WSTN
- Somerville, Tennessee; United States;
- Broadcast area: Fayette County; Memphis, Tennessee;
- Frequency: 1410 kHz

Programming
- Language: English

Ownership
- Owner: Family Worship Center Church, Inc.

History
- First air date: November 1982
- Last air date: October 25, 2006
- Former call signs: WJED (1981–1986)
- Call sign meaning: Somerville, Tennessee

Technical information
- Facility ID: 8062
- Class: B
- Power: 500 watts
- Transmitter coordinates: 35°14′31.3″N 89°19′3.3″W﻿ / ﻿35.242028°N 89.317583°W

= WSTN =

Radio station in Somerville, Tennessee (1982–2006)

WSTN (1410 AM) was an American radio station formerly licensed to serve Somerville, the county seat of Fayette County, Tennessee. The station was established in 1983 as WJED, and changed to WSTN in 1986. Since 2002 its broadcast license was held by Jimmy Swaggart's Family Worship Center Church, Inc. The station went silent on October 25, 2006.

==Programming==
Before falling silent, WSTN broadcast a gospel music format to Fayette County and Memphis, Tennessee, as an affiliate of Jimmy Swaggart's SonLife Radio Network.

==History==
===Launch===
In September 1979, Fayette County Broadcasting Company applied to the Federal Communications Commission (FCC) for a construction permit for a new class B broadcast radio station to operate with 500 watts of power on a frequency of 1410 kHz.

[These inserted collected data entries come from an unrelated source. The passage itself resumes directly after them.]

theorem proposition4p6:
  fixes J :: "'a::{real_inner, complete_space} \<Rightarrow> 'a"
  assumes "complex_structure J" and "cdim_ge2 J"
  shows "\<exists>(m :: nat \<Rightarrow> nat \<Rightarrow> nat) e S T A B.
           unital_semigroup m e \<and> infinite (UNIV :: nat set) \<and> \<not> left_cancellative m \<and>
           representation J m e S \<and> contractive S \<and>
           representation J m e T \<and> bop J A \<and> bop J B \<and>
           (\<lambda>g. (onorm (\<lambda>x. T g x - A (S g (B x))))\<^sup>2) summable_on UNIV \<and>
           \<not> similar_to_contractive J T"
proof -
  obtain P Q where bop: "bop J P" "bop J Q" and "onorm P \<le> 1" and "P \<noteq> Q"
    and PQ: "P \<circ> P = P" "P \<circ> Q = P" "Q \<circ> P = Q" "Q \<circ> Q = Q"
    using cdim_ge2_obtain_same_kernel_projections assms by blast
  have bop_id: "bop J id"
    by (simp add: bop_def id_def bounded_linear_ident)
  define S where "S g = (if g = 0 then id else P)" for g :: nat
  define T where "T g = (if g = 0 then id else if g = 1 then Q else P)" for g :: nat
  have "(\<lambda>g. (onorm (\<lambda>x. T g x - id (S g (id x))))\<^sup>2) summable_on UNIV \<longleftrightarrow>
        (\<lambda>g. (onorm (\<lambda>x. T g x - id (S g (id x))))\<^sup>2) summable_on {1}"
    by (rule summable_on_cong_neutral) (auto simp: S_def T_def onorm_zero)
  then have "(\<lambda>g. (onorm (\<lambda>x. T g x - id (S g (id x))))\<^sup>2) summable_on UNIV"
    by simp
  moreover have "contractive S"
    unfolding contractive_def S_def using \<open>onorm P \<le> 1\<close> onorm_id_le by (simp add: id_def)
  moreover have "representation J left_zero_unit 0 S" and "representation J left_zero_unit 0 T"
    using PQ bop bop_id by (auto intro!: representation_left_zero_unitI simp: S_def T_def)
  moreover have "\<not> similar_to_contractive J T"
    using bop \<open>P \<noteq> Q\<close> PQ
    by (intro not_similar_to_contractive_if_same_kernel_idempotents[of P Q T 2 1])
       (auto simp: bop_def T_def)
  ultimately show ?thesis
    using unital_semigroup_left_zero_unit not_left_cancellative_left_zero_unit bop_id by blast
qed

end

The FCC granted this permit on June 19, 1981, with a scheduled expiration date of June 19, 1982. The new station was assigned call sign "WJED" on December 1, 1981. After construction and testing were completed, the station was granted its broadcast license on February 25, 1983.

===WJED era===
In May 1984, Fayette County Broadcasting Company applied to the FCC to transfer the WJED license to the similarly named Fayette County Broadcasting Company, Inc. The FCC approved the move on May 31, 1984, and the transaction was formally consummated on August 29, 1984. Almost immediately, Fayette County Broadcasting Company, Inc., made a deal to sell WJED to Floyd Broadcasting, Inc., but this request was ultimately dismissed on December 6, 1984, at the request of Floyd Broadcasting.

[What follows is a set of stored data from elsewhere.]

lemma bounded_linear_forest_degree_le_2:
  assumes B: "bounded_linear_forest V F ends k" and u: "u \<in> V"
    and e: "e1 \<in> F" "e2 \<in> F" "e3 \<in> F" "e1 \<noteq> e2" "e1 \<noteq> e3" "e2 \<noteq> e3"
    and U: "u \<in> ends e1" "u \<in> ends e2" "u \<in> ends e3"
    and c: "card (ends e1) = 2" "card (ends e2) = 2" "card (ends e3) = 2"
  shows False
proof -
  obtain cvs ces p where P: "is_path F ends cvs ces" "p < length cvs" "cvs ! p = u"
    and I: "\<And>e. e \<in> F \<Longrightarrow> u \<in> ends e \<Longrightarrow> card (ends e) = 2 \<Longrightarrow> e \<in> set ces"
    using bounded_linear_forest_vertex_path[OF B u] by blast
  obtain i1 where i1: "ces ! i1 = e1" "i1 = p \<or> Suc i1 = p"
    using is_path_edge_position[OF P(1) I[OF e(1) U(1) c(1)] P(2)] P(3) U by blast
  obtain i2 where i2: "ces ! i2 = e2" "i2 = p \<or> Suc i2 = p"
    using is_path_edge_position[OF P(1) I[OF e(2) U(2) c(2)] P(2)] P(3) U by blast
  obtain i3 where i3: "ces ! i3 = e3" "i3 = p \<or> Suc i3 = p"
    using is_path_edge_position[OF P(1) I[OF e(3) U(3) c(3)] P(2)] P(3) U by blast
  have "i1 \<noteq> i2" "i1 \<noteq> i3" "i2 \<noteq> i3" using i1 i2 i3 e by auto
  then show False using i1(2) i2(2) i3(2) by arith
qed

lemma bounded_linear_forest_no_parallel_edges:
  assumes B: "bounded_linear_forest V F ends k" and u: "u \<in> V"
    and e: "e1 \<in> F" "e2 \<in> F" "e1 \<noteq> e2" "ends e1 = ends e2"
    and U: "u \<in> ends e1" and c: "card (ends e1) = 2"
  shows False
proof -
  obtain cvs ces p where P: "is_path F ends cvs ces" "p < length cvs" "cvs ! p = u"
    and I: "\<And>e. e \<in> F \<Longrightarrow> u \<in> ends e \<Longrightarrow> card (ends e) = 2 \<Longrightarrow> e \<in> set ces"
    using bounded_linear_forest_vertex_path[OF B u] by blast
  obtain a b where ab: "ends e1 = {a, b}" "a \<noteq> b" using c unfolding card_2_iff by blast
  have "\<exists>w. ends e1 = {u, w} \<and> u \<noteq> w" using ab U by auto
  then obtain w where w: "ends e1 = {u, w}" "u \<noteq> w" by blast
  have in1: "e1 \<in> set ces" "e2 \<in> set ces" using I e U c by auto
  have "w \<in> set cvs"
    using is_path_edge[OF P(1) in1(1)] w by auto
  then obtain q where q: "q < length cvs" "cvs ! q = w" by (auto simp: in_set_conv_nth)
  have pq: "p \<noteq> q" using P q w by auto
  obtain i1 where i1: "ces ! i1 = e1" "i1 = p \<or> Suc i1 = p" "i1 < length ces"
    using is_path_edge_position[OF P(1) in1(1) P(2)] P(3) U by blast
  obtain j1 where j1: "ces ! j1 = e1" "j1 = q \<or> Suc j1 = q" "j1 < length ces"
    using is_path_edge_position[OF P(1) in1(1) q(1)] q(2) w by blast
  obtain i2 where i2: "ces ! i2 = e2" "i2 = p \<or> Suc i2 = p" "i2 < length ces"
    using is_path_edge_position[OF P(1) in1(2) P(2)] P(3) U e(4) by auto
  obtain j2 where j2: "ces ! j2 = e2" "j2 = q \<or> Suc j2 = q" "j2 < length ces"
    using is_path_edge_position[OF P(1) in1(2) q(1)] q(2) w e(4) by auto
  have D: "distinct ces" using P(1) unfolding is_path_def by auto
  have "i1 = j1" using D i1(1,3) j1(1,3) nth_eq_iff_index_eq by metis
  moreover have "i2 = j2" using D i2(1,3) j2(1,3) nth_eq_iff_index_eq by metis
  ultimately have "i1 = i2" using i1(2) i2(2) j1(2) j2(2) pq by arith
  then show False using i1 i2 e by simp
qed


section \<open>The gadget graph\<close>

declare upt_Suc[simp del]

lemma hd_map_upt[simp]: "a < b \<Longrightarrow> hd (map f [a..<b]) = f a"
  by (simp add: upt_conv_Cons)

Fayette County Broadcasting Company, Inc., made another bid to sell the station in May 1986, this time to Fayette County Broadcasting Service. The FCC approved the deal on July 8, 1986, and the transaction was formally consummated on August 8, 1986. The new owners had the FCC assign the station new call sign "WSTN" on September 22, 1986.

===WSTN era===
In June 1989, Fayette County Broadcasting sold the station to C.I.T.A. Broadcasters, Inc. The sale received FCC approval on August 24, 1989, and the deal was formally consummated on October 23, 1989. In April 1995, C.I.T.A. Broadcasting, Inc., made a deal to transfer the WSTN broadcast license to Fayette County Broadcasting. The move was approved by the FCC on June 13, 1995, and consummated on August 21, 1995. In November 1996, Fayette County Broadcasting made a deal to sell WSTN to Patria Communications, Inc., but even though the deal gained FCC acceptance on March 12, 1997, the transaction was never consummated and control of WSTN remained with Fayette County Broadcasting.

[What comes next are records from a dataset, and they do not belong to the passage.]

(* Let $f:X\to Y$, let $\langle P,I,C\rangle$ be an analytic template over $f$ (for modeling language $\mathcal M$, with predicates $P_X,P_Y,P_f$), and let $f^\uparrow:\mathrm{Var}(X)\to\mathrm{Var}(Y)$ be any function. If the template $\langle P,I,C\rangle$ is valid, then the lifted analytic template induced by $f^\uparrow$ is valid, i.e. for every $\mathbf M\in\mathrm{Var}(\mathcal M)$, every $\phi\in\mathtt{Prop}(F)$, every $\mathbf x\in\mathrm{Var}(X)$ with $\mathsf{Inv}(C,\langle\mathbf x,\mathbf M\rangle,\phi)$, and every $\mathfrak c\in[\![\Phi\wedge\phi]\!]$, we have $I^\uparrow_\phi(\mathbf x)|_{\mathfrak c}\prec\langle\mathbf M|_{\mathfrak c},P\rangle$.
   Context: Product lines: a finite feature set $F$, feature model $\Phi\in\mathtt{Prop}(F)$ (propositional formulas over $F$); configurations $\mathfrak c\subseteq F$, $\mathfrak c\models\phi$ propositional satisfaction, $[\![\phi]\!]=\{\mathfrak c:\mathfrak c\models\phi\}$. For a set $X$, $\mathrm{Var}(X)$ is a set of product lines over $X$ with derivation $\mathbf x|_{\mathfrak c}\in X$ for valid $\mathfrak c$; pairs derive componentwise. $\mathsf{Inv}(Q,\mathbf x,\phi)$ means $\forall\mathfrak c\in[\![\Phi]\!],\ \mathfrak c\models\phi\Rightarrow Q(\mathbf x|_{\mathfrak c})$. Goals: propositional $p$, or predicative $\langle M,Q\rangle$ asserting $Q(M)$; $\{g_1,\dots,g_n\}\prec g$ ($n\ge1$) means $(\bigwedge g_i)\Rightarrow g$. A template over $\mathcal M$ with domain $D$ is $\langle P,I,C\rangle$, $P:\mathcal M\to\{\top,\bot\}$, $I:D\to$ finite sets of goals, $C:D\times\mathcal M\to\{\top,\bot\}$; valid iff $\forall x,M,\ C(x,M)\Rightarrow I(x)\prec\langle M,P\rangle$. An analytic template over $f:X\to Y$ is a template over $\mathcal M$ with domain $X$ whose instantiation is $I(x)=\{\langle x,P_X\rangle,\ \langle f(x),P_Y\rangle,\ g_f\}$ where $P_X$ is a predicate on $X$, $P_Y$ a predicate on $Y$, $P_f$ a predicate on $X\times Y$, and $g_f$ is the proposition $\forall x'\in X,\ P_f(x',f(x'))$. Variational goals: $\langle p,\phi\rangle$ or $\langle\mathbf z,Q,\phi\rangle$ with $\mathbf z$ a product line, presence condition $\mathtt{pc}=\phi$; derivation for $\mathfrak c\in[\![\Phi\wedge\phi]\!]$: $\langle p,\phi\rangle|_{\mathfrak c}=p$, $\langle\mathbf z,Q,\phi\rangle|_{\mathfrak c}=\langle\mathbf z|_{\mathfrak c},Q\rangle$; for a finite set $\mathbf G$ of variational goals, $\mathbf G|_{\mathfrak c}=\{\mathbf g|_{\mathfrak c}:\mathbf g\in\mathbf G,\ \mathfrak c\models\mathtt{pc}(\mathbf g)\}$. The lifted analytic template induced by $f^\uparrow$ has, for parent presence condition $\phi$, instantiation $I^\uparrow_\phi(\mathbf x)=\{\langle\mathbf x,P_X,\phi\rangle,\ \langle f^\uparrow(\mathbf x),P_Y,\phi\rangle,\ \langle g_f,\phi\rangle,\ \langle g_{\mathsf{Lift}},\phi\rangle\}$ where $g_{\mathsf{Lift}}$ is the proposition $\forall\mathbf x'\in\mathrm{Var}(X),\forall\mathfrak c\in[\![\Phi]\!],\ f^\uparrow(\mathbf x')|_{\mathfrak c}=f(\mathbf x'|_{\mathfrak c})$; its parent predicate $P$ and correctness criterion $C$ are those of the original template. *)

theory Defs
  imports Main
begin

(* Propositional formulas over a feature type 'f (F = UNIV :: 'f set, finite). *)
datatype 'f pform = Atom 'f | Tru | Fls | Neg "'f pform"
  | Conj "'f pform" "'f pform" | Disj "'f pform" "'f pform" | Impl "'f pform" "'f pform"

fun sat :: "'f set \<Rightarrow> 'f pform \<Rightarrow> bool" where
  "sat c (Atom a) = (a \<in> c)"
| "sat c Tru = True"
| "sat c Fls = False"
| "sat c (Neg p) = (\<not> sat c p)"
| "sat c (Conj p q) = (sat c p \<and> sat c q)"
| "sat c (Disj p q) = (sat c p \<or> sat c q)"
| "sat c (Impl p q) = (sat c p \<longrightarrow> sat c q)"

definition sem :: "'f pform \<Rightarrow> 'f set set" where
  "sem \<phi> = {c. sat c \<phi>}"

definition Inv :: "('v \<Rightarrow> 'f set \<Rightarrow> 'x) \<Rightarrow> 'f pform \<Rightarrow> ('x \<Rightarrow> bool) \<Rightarrow> 'v \<Rightarrow> 'f pform \<Rightarrow> bool" where
  "Inv der \<Phi> Q x \<phi> = (\<forall>c \<in> sem \<Phi>. sat c \<phi> \<longrightarrow> Q (der x c))"

(* Goals are represented by the proposition they assert. *)
type_synonym goal = bool

definition prop_goal :: "bool \<Rightarrow> goal" where "prop_goal p = p"
definition pred_goal :: "'m \<Rightarrow> ('m \<Rightarrow> bool) \<Rightarrow> goal" where "pred_goal M Q = Q M"

definition prec :: "goal set \<Rightarrow> goal \<Rightarrow> bool" where
  "prec G g = ((\<forall>h\<in>G. h) \<longrightarrow> g)"

definition analytic_I :: "('x \<Rightarrow> 'y) \<Rightarrow> ('x \<Rightarrow> bool) \<Rightarrow> ('y \<Rightarrow> bool) \<Rightarrow> ('x \<Rightarrow> 'y \<Rightarrow> bool)
    \<Rightarrow> 'x \<Rightarrow> goal set" where
  "analytic_I f PX PY Pf x =
     {pred_goal x PX, pred_goal (f x) PY, prop_goal (\<forall>x'. Pf x' (f x'))}"

definition template_valid :: "('m \<Rightarrow> bool) \<Rightarrow> ('d \<Rightarrow> goal set) \<Rightarrow> ('d \<Rightarrow> 'm \<Rightarrow> bool) \<Rightarrow> bool" where
  "template_valid P I C = (\<forall>x M. C x M \<longrightarrow> prec (I x) (pred_goal M P))"

(* Variational goals: a derivation to goals (defined on valid configurations) plus a presence condition *)
type_synonym 'f vgoal = "('f set \<Rightarrow> goal) \<times> 'f pform"

definition vprop :: "bool \<Rightarrow> 'f pform \<Rightarrow> 'f vgoal" where
  "vprop p \<phi> = ((\<lambda>c. prop_goal p), \<phi>)"

definition vpred :: "('v \<Rightarrow> 'f set \<Rightarrow> 'z) \<Rightarrow> 'v \<Rightarrow> ('z \<Rightarrow> bool) \<Rightarrow> 'f pform \<Rightarrow> 'f vgoal" where
  "vpred der z Q \<phi> = ((\<lambda>c. pred_goal (der z c) Q), \<phi>)"

definition pc :: "'f vgoal \<Rightarrow> 'f pform" where "pc g = snd g"

definition derive_goals :: "'f vgoal set \<Rightarrow> 'f set \<Rightarrow> goal set" where
  "derive_goals G c = {fst g c | g. g \<in> G \<and> sat c (pc g)}"

definition lifted_I :: "'f pform \<Rightarrow> ('x \<Rightarrow> 'y) \<Rightarrow> ('vx \<Rightarrow> 'vy)
    \<Rightarrow> ('vx \<Rightarrow> 'f set \<Rightarrow> 'x) \<Rightarrow> ('vy \<Rightarrow> 'f set \<Rightarrow> 'y)
    \<Rightarrow> ('x \<Rightarrow> bool) \<Rightarrow> ('y \<Rightarrow> bool) \<Rightarrow> ('x \<Rightarrow> 'y \<Rightarrow> bool)
    \<Rightarrow> 'f pform \<Rightarrow> 'vx \<Rightarrow> 'f vgoal set" where
  "lifted_I \<Phi> f fup derX derY PX PY Pf \<phi> x =
     {vpred derX x PX \<phi>, vpred derY (fup x) PY \<phi>,
      vprop (\<forall>x'. Pf x' (f x')) \<phi>,
      vprop (\<forall>x'. \<forall>c \<in> sem \<Phi>. derY (fup x') c = f (derX x' c)) \<phi>}"

end

theory Submission
  imports Defs
begin

(* Fix a configuration c of the feature model satisfying the presence condition. The invariant
   yields C (x|c) (M|c), so validity of the template applies at x|c; it remains to see that the
   derived lifted goals entail the original instantiation at x|c. They coincide except for the goal
   on f\<up>(x), which the lift-correctness goal g_Lift turns into the goal on f (x|c). *)

lemma sem_Conj_iff: "c \<in> sem (Conj p q) \<longleftrightarrow> c \<in> sem p \<and> sat c q"
  by (simp add: sem_def)

lemma InvD: "Inv der \<Phi> Q x \<phi> \<Longrightarrow> c \<in> sem \<Phi> \<Longrightarrow> sat c \<phi> \<Longrightarrow> Q (der x c)"
  by (simp add: Inv_def)

lemma prec_strengthen_premises:
  assumes "prec G g" and "(\<forall>h\<in>H. h) \<Longrightarrow> (\<forall>h\<in>G. h)"
  shows "prec H g"
  using assms unfolding prec_def by blast

lemma derive_goals_holdsD:
  assumes "\<forall>h\<in>derive_goals G c. h" and "g \<in> G" and "sat c (pc g)"
  shows "fst g c"
  using assms unfolding derive_goals_def by blast

lemma lifted_I_derived_entails_analytic_I:
  assumes "c \<in> sem \<Phi>" and "sat c \<phi>"
    and derived: "\<forall>h\<in>derive_goals (lifted_I \<Phi> f fup derX derY PX PY Pf \<phi> x) c. h"
  shows "\<forall>h\<in>analytic_I f PX PY Pf (derX x c). h"
proof -
  have lifted_goal: "fst g c" if "g \<in> lifted_I \<Phi> f fup derX derY PX PY Pf \<phi> x" for g
  proof (rule derive_goals_holdsD[OF derived that])
    show "sat c (pc g)"
      using that assms(2) by (auto simp: lifted_I_def vpred_def vprop_def pc_def)
  qed
  have PX: "PX (derX x c)"
    using lifted_goal[of "vpred derX x PX \<phi>"]
    by (simp add: lifted_I_def vpred_def pred_goal_def)
  have PY_up: "PY (derY (fup x) c)"
    using lifted_goal[of "vpred derY (fup x) PY \<phi>"]
    by (simp add: lifted_I_def vpred_def pred_goal_def)
  have Pf: "\<forall>x'. Pf x' (f x')"
    using lifted_goal[of "vprop (\<forall>x'. Pf x' (f x')) \<phi>"]
    by (simp add: lifted_I_def vprop_def prop_goal_def)
  have lift: "\<forall>x'. \<forall>c \<in> sem \<Phi>. derY (fup x') c = f (derX x' c)"
    using lifted_goal[of "vprop (\<forall>x'. \<forall>c \<in> sem \<Phi>. derY (fup x') c = f (derX x' c)) \<phi>"]
    by (simp add: lifted_I_def vprop_def prop_goal_def)
  have "PY (f (derX x c))"
    using PY_up lift assms(1) by metis
  with PX Pf show ?thesis
    by (simp add: analytic_I_def pred_goal_def prop_goal_def)
qed

theorem theorem4p3:
  fixes \<Phi> :: "('f::finite) pform"
    and f :: "'x \<Rightarrow> 'y" and fup :: "'vx \<Rightarrow> 'vy"
    and derX :: "'vx \<Rightarrow> 'f set \<Rightarrow> 'x" and derY :: "'vy \<Rightarrow> 'f set \<Rightarrow> 'y"
    and derM :: "'vm \<Rightarrow> 'f set \<Rightarrow> 'm"
    and P :: "'m \<Rightarrow> bool" and C :: "'x \<Rightarrow> 'm \<Rightarrow> bool"
    and PX :: "'x \<Rightarrow> bool" and PY :: "'y \<Rightarrow> bool" and Pf :: "'x \<Rightarrow> 'y \<Rightarrow> bool"
  assumes "template_valid P (analytic_I f PX PY Pf) C"
  shows "\<forall>M :: 'vm. \<forall>\<phi> :: 'f pform. \<forall>x :: 'vx.
           Inv (\<lambda>(x, M) c. (derX x c, derM M c)) \<Phi> (\<lambda>(a, b). C a b) (x, M) \<phi> \<longrightarrow>
           (\<forall>c \<in> sem (Conj \<Phi> \<phi>).
              prec (derive_goals (lifted_I \<Phi> f fup derX derY PX PY Pf \<phi> x) c)
                   (pred_goal (derM M c) P))"
proof (intro allI impI ballI)
  fix M :: 'vm and \<phi> :: "'f pform" and x :: 'vx and c
  assume inv: "Inv (\<lambda>(x, M) c. (derX x c, derM M c)) \<Phi> (\<lambda>(a, b). C a b) (x, M) \<phi>"
    and "c \<in> sem (Conj \<Phi> \<phi>)"
  then have c: "c \<in> sem \<Phi>" "sat c \<phi>"
    by (simp_all add: sem_Conj_iff)
  have "C (derX x c) (derM M c)"
    using InvD[OF inv c] by simp
  with assms have "prec (analytic_I f PX PY Pf (derX x c)) (pred_goal (derM M c) P)"
    by (simp add: template_valid_def)
  then show "prec (derive_goals (lifted_I \<Phi> f fup derX derY PX PY Pf \<phi> x) c)
               (pred_goal (derM M c) P)"
    by (rule prec_strengthen_premises) (rule lifted_I_derived_entails_analytic_I[OF c])
qed

end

On May 3, 2002, Fayette County Broadcasting's Pat Roberson signed a contract to sell WSTN and its assets to the Jimmy Swaggart-owned Family Worship Center Church, Inc., for a total of $50,000. As part of the deal, Family Worship Center Church immediately took over operation of the station under a local marketing agreement while the sale was pending. WSTN became an affiliate of Jimmy Swaggart's SonLife Radio Network. The FCC approved the sale on September 5, 2002, and the transaction was consummated on December 4, 2002.

===Falling silent===
WSTN went temporarily dark on October 25, 2006, after license holder Family Worship Center Church, Inc., got into a dispute with the leaseholder of the station's broadcast tower site that made it, in the licensee's words, "impossible to operate the radio station". The FCC granted the station special temporary authority to remain silent on October 30, 2006, with a scheduled expiration on January 30, 2007. In January 2007, the dispute was not resolved so the station requested an extension which was granted on January 18, 2007, with a new expiration date on April 30, 2007. In April 2007, the station reported that the dispute was not yet resolved and that they were seeking alternative transmitter sites in case no resolution could be reached. The FCC granted them an additional extension on May 1, 2007, with an expiration of August 1, 2007.

Normally, under the provisions of the Telecommunications Act of 1996, any broadcast station that fails to operate for more than twelve consecutive months is subject to automatic forfeiture and cancellation of their broadcast license. At the licensee's request, WSTN's license was cancelled on April 5, 2012.